#### ACTION ITEM
Give the listing again in full, exactly as it appears.
>>>
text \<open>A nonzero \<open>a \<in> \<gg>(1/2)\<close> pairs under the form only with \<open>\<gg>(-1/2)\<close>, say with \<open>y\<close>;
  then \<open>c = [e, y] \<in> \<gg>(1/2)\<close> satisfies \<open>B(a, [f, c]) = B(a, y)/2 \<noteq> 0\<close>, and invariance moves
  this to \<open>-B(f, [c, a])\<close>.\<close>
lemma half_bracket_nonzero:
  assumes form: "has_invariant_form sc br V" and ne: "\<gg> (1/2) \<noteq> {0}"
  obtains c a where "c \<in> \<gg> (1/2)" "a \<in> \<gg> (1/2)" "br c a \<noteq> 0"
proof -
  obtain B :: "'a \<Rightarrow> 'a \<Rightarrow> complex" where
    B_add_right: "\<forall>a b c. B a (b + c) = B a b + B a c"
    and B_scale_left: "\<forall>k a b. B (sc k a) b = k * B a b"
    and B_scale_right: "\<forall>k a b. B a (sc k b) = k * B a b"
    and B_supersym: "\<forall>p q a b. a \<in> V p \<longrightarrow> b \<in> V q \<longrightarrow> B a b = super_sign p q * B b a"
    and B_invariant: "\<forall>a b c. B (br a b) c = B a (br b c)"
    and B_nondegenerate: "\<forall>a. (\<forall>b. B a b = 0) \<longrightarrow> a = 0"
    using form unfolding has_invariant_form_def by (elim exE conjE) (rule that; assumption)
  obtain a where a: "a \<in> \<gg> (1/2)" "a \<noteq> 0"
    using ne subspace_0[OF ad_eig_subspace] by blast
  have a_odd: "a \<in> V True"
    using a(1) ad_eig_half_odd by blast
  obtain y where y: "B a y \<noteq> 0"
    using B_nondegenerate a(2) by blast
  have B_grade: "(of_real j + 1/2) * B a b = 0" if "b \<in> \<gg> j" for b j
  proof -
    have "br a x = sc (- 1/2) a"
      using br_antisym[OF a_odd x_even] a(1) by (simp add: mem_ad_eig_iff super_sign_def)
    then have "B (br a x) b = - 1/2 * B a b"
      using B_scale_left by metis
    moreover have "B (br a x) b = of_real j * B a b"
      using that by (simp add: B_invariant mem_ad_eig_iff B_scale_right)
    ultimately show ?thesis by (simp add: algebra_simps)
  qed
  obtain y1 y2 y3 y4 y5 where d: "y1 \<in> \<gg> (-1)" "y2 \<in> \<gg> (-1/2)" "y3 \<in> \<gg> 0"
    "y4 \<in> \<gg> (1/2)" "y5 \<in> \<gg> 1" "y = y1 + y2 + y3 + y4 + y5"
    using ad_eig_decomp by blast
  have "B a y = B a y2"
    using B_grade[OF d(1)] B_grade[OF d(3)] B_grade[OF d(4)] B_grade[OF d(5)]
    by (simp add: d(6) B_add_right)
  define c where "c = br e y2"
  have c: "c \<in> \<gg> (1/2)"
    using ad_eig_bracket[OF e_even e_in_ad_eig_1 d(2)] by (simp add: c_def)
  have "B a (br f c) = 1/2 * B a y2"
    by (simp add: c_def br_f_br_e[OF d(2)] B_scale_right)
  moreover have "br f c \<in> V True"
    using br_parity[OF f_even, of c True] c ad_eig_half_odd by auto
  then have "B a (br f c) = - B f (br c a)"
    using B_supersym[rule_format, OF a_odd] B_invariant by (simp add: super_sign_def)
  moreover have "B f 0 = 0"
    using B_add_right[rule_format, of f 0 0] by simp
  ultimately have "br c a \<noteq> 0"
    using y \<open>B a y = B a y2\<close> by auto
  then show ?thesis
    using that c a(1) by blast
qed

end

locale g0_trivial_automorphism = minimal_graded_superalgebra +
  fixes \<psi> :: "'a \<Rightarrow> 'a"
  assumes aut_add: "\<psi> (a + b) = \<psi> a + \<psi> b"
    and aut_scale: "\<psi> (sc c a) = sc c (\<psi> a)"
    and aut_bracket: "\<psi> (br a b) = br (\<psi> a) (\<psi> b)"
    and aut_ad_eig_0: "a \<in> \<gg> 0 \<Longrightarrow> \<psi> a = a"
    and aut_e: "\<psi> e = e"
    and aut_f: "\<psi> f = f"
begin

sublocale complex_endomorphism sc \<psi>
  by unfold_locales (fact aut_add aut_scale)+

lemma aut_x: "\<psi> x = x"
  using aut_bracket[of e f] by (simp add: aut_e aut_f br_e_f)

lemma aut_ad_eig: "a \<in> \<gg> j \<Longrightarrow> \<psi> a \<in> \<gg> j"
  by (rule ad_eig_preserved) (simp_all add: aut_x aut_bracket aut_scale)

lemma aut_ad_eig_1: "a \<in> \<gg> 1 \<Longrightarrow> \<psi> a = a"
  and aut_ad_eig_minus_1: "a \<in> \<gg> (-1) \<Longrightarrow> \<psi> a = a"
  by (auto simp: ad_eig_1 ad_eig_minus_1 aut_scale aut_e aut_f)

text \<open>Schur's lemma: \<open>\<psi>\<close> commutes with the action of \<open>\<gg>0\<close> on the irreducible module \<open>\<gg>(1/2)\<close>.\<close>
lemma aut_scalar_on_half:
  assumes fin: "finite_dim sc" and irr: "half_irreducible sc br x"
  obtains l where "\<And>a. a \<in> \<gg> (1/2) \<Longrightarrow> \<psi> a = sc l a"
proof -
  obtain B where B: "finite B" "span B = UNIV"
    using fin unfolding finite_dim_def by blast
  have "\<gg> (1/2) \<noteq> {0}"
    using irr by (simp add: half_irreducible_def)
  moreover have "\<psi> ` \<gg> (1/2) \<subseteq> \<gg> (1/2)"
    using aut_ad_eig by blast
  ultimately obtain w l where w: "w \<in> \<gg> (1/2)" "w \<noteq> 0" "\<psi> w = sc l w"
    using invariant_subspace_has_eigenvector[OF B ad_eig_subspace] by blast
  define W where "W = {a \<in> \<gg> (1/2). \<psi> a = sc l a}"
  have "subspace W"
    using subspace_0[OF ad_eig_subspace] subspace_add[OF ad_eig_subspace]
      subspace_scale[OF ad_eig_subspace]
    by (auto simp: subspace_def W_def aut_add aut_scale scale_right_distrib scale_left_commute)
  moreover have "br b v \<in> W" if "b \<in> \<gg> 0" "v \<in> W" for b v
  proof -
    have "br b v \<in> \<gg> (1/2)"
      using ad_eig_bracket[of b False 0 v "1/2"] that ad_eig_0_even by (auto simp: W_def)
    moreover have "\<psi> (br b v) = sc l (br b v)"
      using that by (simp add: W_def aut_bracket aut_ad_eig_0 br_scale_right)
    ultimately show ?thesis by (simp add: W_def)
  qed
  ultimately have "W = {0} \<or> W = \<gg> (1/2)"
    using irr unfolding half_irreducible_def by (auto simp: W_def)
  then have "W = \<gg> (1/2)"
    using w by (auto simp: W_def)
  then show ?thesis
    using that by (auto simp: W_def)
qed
<<<
#### RESPONSE
text \<open>A nonzero \<open>a \<in> \<gg>(1/2)\<close> pairs under the form only with \<open>\<gg>(-1/2)\<close>, say with \<open>y\<close>;
  then \<open>c = [e, y] \<in> \<gg>(1/2)\<close> satisfies \<open>B(a, [f, c]) = B(a, y)/2 \<noteq> 0\<close>, and invariance moves
  this to \<open>-B(f, [c, a])\<close>.\<close>
lemma half_bracket_nonzero:
  assumes form: "has_invariant_form sc br V" and ne: "\<gg> (1/2) \<noteq> {0}"
  obtains c a where "c \<in> \<gg> (1/2)" "a \<in> \<gg> (1/2)" "br c a \<noteq> 0"
proof -
  obtain B :: "'a \<Rightarrow> 'a \<Rightarrow> complex" where
    B_add_right: "\<forall>a b c. B a (b + c) = B a b + B a c"
    and B_scale_left: "\<forall>k a b. B (sc k a) b = k * B a b"
    and B_scale_right: "\<forall>k a b. B a (sc k b) = k * B a b"
    and B_supersym: "\<forall>p q a b. a \<in> V p \<longrightarrow> b \<in> V q \<longrightarrow> B a b = super_sign p q * B b a"
    and B_invariant: "\<forall>a b c. B (br a b) c = B a (br b c)"
    and B_nondegenerate: "\<forall>a. (\<forall>b. B a b = 0) \<longrightarrow> a = 0"
    using form unfolding has_invariant_form_def by (elim exE conjE) (rule that; assumption)
  obtain a where a: "a \<in> \<gg> (1/2)" "a \<noteq> 0"
    using ne subspace_0[OF ad_eig_subspace] by blast
  have a_odd: "a \<in> V True"
    using a(1) ad_eig_half_odd by blast
  obtain y where y: "B a y \<noteq> 0"
    using B_nondegenerate a(2) by blast
  have B_grade: "(of_real j + 1/2) * B a b = 0" if "b \<in> \<gg> j" for b j
  proof -
    have "br a x = sc (- 1/2) a"
      using br_antisym[OF a_odd x_even] a(1) by (simp add: mem_ad_eig_iff super_sign_def)
    then have "B (br a x) b = - 1/2 * B a b"
      using B_scale_left by metis
    moreover have "B (br a x) b = of_real j * B a b"
      using that by (simp add: B_invariant mem_ad_eig_iff B_scale_right)
    ultimately show ?thesis by (simp add: algebra_simps)
  qed
  obtain y1 y2 y3 y4 y5 where d: "y1 \<in> \<gg> (-1)" "y2 \<in> \<gg> (-1/2)" "y3 \<in> \<gg> 0"
    "y4 \<in> \<gg> (1/2)" "y5 \<in> \<gg> 1" "y = y1 + y2 + y3 + y4 + y5"
    using ad_eig_decomp by blast
  have "B a y = B a y2"
    using B_grade[OF d(1)] B_grade[OF d(3)] B_grade[OF d(4)] B_grade[OF d(5)]
    by (simp add: d(6) B_add_right)
  define c where "c = br e y2"
  have c: "c \<in> \<gg> (1/2)"
    using ad_eig_bracket[OF e_even e_in_ad_eig_1 d(2)] by (simp add: c_def)
  have "B a (br f c) = 1/2 * B a y2"
    by (simp add: c_def br_f_br_e[OF d(2)] B_scale_right)
  moreover have "br f c \<in> V True"
    using br_parity[OF f_even, of c True] c ad_eig_half_odd by auto
  then have "B a (br f c) = - B f (br c a)"
    using B_supersym[rule_format, OF a_odd] B_invariant by (simp add: super_sign_def)
  moreover have "B f 0 = 0"
    using B_add_right[rule_format, of f 0 0] by simp
  ultimately have "br c a \<noteq> 0"
    using y \<open>B a y = B a y2\<close> by auto
  then show ?thesis
    using that c a(1) by blast
qed

end

locale g0_trivial_automorphism = minimal_graded_superalgebra +
  fixes \<psi> :: "'a \<Rightarrow> 'a"
  assumes aut_add: "\<psi> (a + b) = \<psi> a + \<psi> b"
    and aut_scale: "\<psi> (sc c a) = sc c (\<psi> a)"
    and aut_bracket: "\<psi> (br a b) = br (\<psi> a) (\<psi> b)"
    and aut_ad_eig_0: "a \<in> \<gg> 0 \<Longrightarrow> \<psi> a = a"
    and aut_e: "\<psi> e = e"
    and aut_f: "\<psi> f = f"
begin

sublocale complex_endomorphism sc \<psi>
  by unfold_locales (fact aut_add aut_scale)+

lemma aut_x: "\<psi> x = x"
  using aut_bracket[of e f] by (simp add: aut_e aut_f br_e_f)

lemma aut_ad_eig: "a \<in> \<gg> j \<Longrightarrow> \<psi> a \<in> \<gg> j"
  by (rule ad_eig_preserved) (simp_all add: aut_x aut_bracket aut_scale)

lemma aut_ad_eig_1: "a \<in> \<gg> 1 \<Longrightarrow> \<psi> a = a"
  and aut_ad_eig_minus_1: "a \<in> \<gg> (-1) \<Longrightarrow> \<psi> a = a"
  by (auto simp: ad_eig_1 ad_eig_minus_1 aut_scale aut_e aut_f)

text \<open>Schur's lemma: \<open>\<psi>\<close> commutes with the action of \<open>\<gg>0\<close> on the irreducible module \<open>\<gg>(1/2)\<close>.\<close>
lemma aut_scalar_on_half:
  assumes fin: "finite_dim sc" and irr: "half_irreducible sc br x"
  obtains l where "\<And>a. a \<in> \<gg> (1/2) \<Longrightarrow> \<psi> a = sc l a"
proof -
  obtain B where B: "finite B" "span B = UNIV"
    using fin unfolding finite_dim_def by blast
  have "\<gg> (1/2) \<noteq> {0}"
    using irr by (simp add: half_irreducible_def)
  moreover have "\<psi> ` \<gg> (1/2) \<subseteq> \<gg> (1/2)"
    using aut_ad_eig by blast
  ultimately obtain w l where w: "w \<in> \<gg> (1/2)" "w \<noteq> 0" "\<psi> w = sc l w"
    using invariant_subspace_has_eigenvector[OF B ad_eig_subspace] by blast
  define W where "W = {a \<in> \<gg> (1/2). \<psi> a = sc l a}"
  have "subspace W"
    using subspace_0[OF ad_eig_subspace] subspace_add[OF ad_eig_subspace]
      subspace_scale[OF ad_eig_subspace]
    by (auto simp: subspace_def W_def aut_add aut_scale scale_right_distrib scale_left_commute)
  moreover have "br b v \<in> W" if "b \<in> \<gg> 0" "v \<in> W" for b v
  proof -
    have "br b v \<in> \<gg> (1/2)"
      using ad_eig_bracket[of b False 0 v "1/2"] that ad_eig_0_even by (auto simp: W_def)
    moreover have "\<psi> (br b v) = sc l (br b v)"
      using that by (simp add: W_def aut_bracket aut_ad_eig_0 br_scale_right)
    ultimately show ?thesis by (simp add: W_def)
  qed
  ultimately have "W = {0} \<or> W = \<gg> (1/2)"
    using irr unfolding half_irreducible_def by (auto simp: W_def)
  then have "W = \<gg> (1/2)"
    using w by (auto simp: W_def)
  then show ?thesis
    using that by (auto simp: W_def)
qed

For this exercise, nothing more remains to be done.